The call was direct. The need was plainly articulated. The image was strong and convicting. And for the first time in my short “preaching career” I saw God take my words and move some hearts. Several people that morning responded and would become part of the team of Mission Friends who helped us launch into worship that coming fall.
Mike Fox was among the people who heard his name called that morning. His leadership role and contribution to MainStreet these past years has been incalculable. But it all began with a young, terrified preacher inviting disciples to leave the beach and get into the MainStreet boat with Jesus for an exciting mission adventure!
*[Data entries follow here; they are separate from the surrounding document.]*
(* Suppose there exist $\kappa \in \mathbb{R}$ and a function $f:\mathbb{N}\to\mathbb{R}$ such that $\lambda_3(G) \le \kappa|V(G)| + f(|V(G)|)$ for every simple graph $G$ with at least $3$ vertices. If $\frac{f(n)}{n} \to 0$ as $n \to \infty$, then every simple graph $G$ with at least $3$ vertices satisfies \[ \lambda_3(G) \le \kappa |V(G)| - 1. \]
   Context: $\lambda_3(G)$ denotes the third largest eigenvalue (with multiplicity) of the adjacency matrix of $G$. *)

theory Defs
  imports "Jordan_Normal_Form.Char_Poly" "HOL-Computational_Algebra.Polynomial"
begin

text \<open>A simple graph on the vertex set {0..<n}, given by an edge relation E
  (only its restriction to {0..<n} matters): symmetric and loop-free.\<close>
definition simple_graph :: "nat \<Rightarrow> (nat \<Rightarrow> nat \<Rightarrow> bool) \<Rightarrow> bool" where
  "simple_graph n E \<longleftrightarrow> (\<forall>i<n. \<forall>j<n. E i j = E j i) \<and> (\<forall>i<n. \<not> E i i)"

definition adj_matrix :: "nat \<Rightarrow> (nat \<Rightarrow> nat \<Rightarrow> bool) \<Rightarrow> real mat" where
  "adj_matrix n E = mat n n (\<lambda>(i, j). if E i j then 1 else 0)"

text \<open>Multiset of (real) eigenvalues with algebraic multiplicity = roots of the
  characteristic polynomial (the adjacency matrix is real symmetric, so this has size n).\<close>
definition eigenvalues_mset :: "nat \<Rightarrow> (nat \<Rightarrow> nat \<Rightarrow> bool) \<Rightarrow> real multiset" where
  "eigenvalues_mset n E = proots (char_poly (adj_matrix n E))"

definition kth_largest_eigenvalue :: "nat \<Rightarrow> nat \<Rightarrow> (nat \<Rightarrow> nat \<Rightarrow> bool) \<Rightarrow> real" where
  "kth_largest_eigenvalue k n E = rev (sorted_list_of_multiset (eigenvalues_mset n E)) ! (k - 1)"

definition lambda3 :: "nat \<Rightarrow> (nat \<Rightarrow> nat \<Rightarrow> bool) \<Rightarrow> real" where
  "lambda3 n E = kth_largest_eigenvalue 3 n E"

end

theory Submission
  imports Defs "Jordan_Normal_Form.Schur_Decomposition"
begin

text \<open>Blow every vertex of \<open>G\<close> up into a clique \<open>K\<^sub>t\<close>, joining two copies whenever
  their originals are equal or adjacent. The adjacency matrix of the blow-up is
  \<open>J\<^sub>t \<otimes> (A + I) - I\<close>, whose spectrum consists of \<open>t(\<lambda> + 1) - 1\<close> for every eigenvalue
  \<open>\<lambda>\<close> of \<open>A\<close> together with \<open>-1\<close> of multiplicity \<open>(t - 1)n\<close>; hence the third largest
  eigenvalue of the blow-up is at least \<open>t(\<lambda>\<^sub>3(G) + 1) - 1\<close>. Applying the hypothesis to the
  blow-up on \<open>tn\<close> vertices and dividing by \<open>tn\<close> gives
  \<open>(\<lambda>\<^sub>3(G) + 1)/n \<le> \<kappa> + (f(tn) + 1)/(tn)\<close>, and the right-hand side tends to \<open>\<kappa>\<close>.\<close>

definition fold_mat :: "nat \<Rightarrow> nat \<Rightarrow> 'a :: zero_neq_one mat" where
  "fold_mat N n = mat N N (\<lambda>(k, l). if n \<le> k \<and> l = k mod n then 1 else 0)"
That summer I made a video from the boat on the lake again inviting ECCers to come across the lake to see what God is doing in Mound. I compared Mound to Nazareth in the opening chapters of John’s Gospel. “Nazareth? What good can possible come from Nazareth?” the snobby skeptic says to another. “We all know that Excelsior and Wayzata are the happening towns on Lake Minnetonka,” one might say. “But Mound? What good is there in Mound?” (A once heard someone call Mound “the armpit of Lake Minnestonka.) My video ended by simply echoing the words of Jesus in the Gospel, “Come and see!” Over the next few months we had 40+ ECC folks “come and see” what God was cooking up on the mission field across the lake and get involved in launching our monthly preview services and then weekly services that January.
MainStreet started as a bold pioneering effort. Only a small handful of my contacts in Mound ever showed up to help out. Instead, Pastor Eric and our faithful Mission Friends from Excelsior Covenant answered the call time and time again, coming over to offer help and supporting us financially over the years. Thank you Excelsior Covenant mission friends!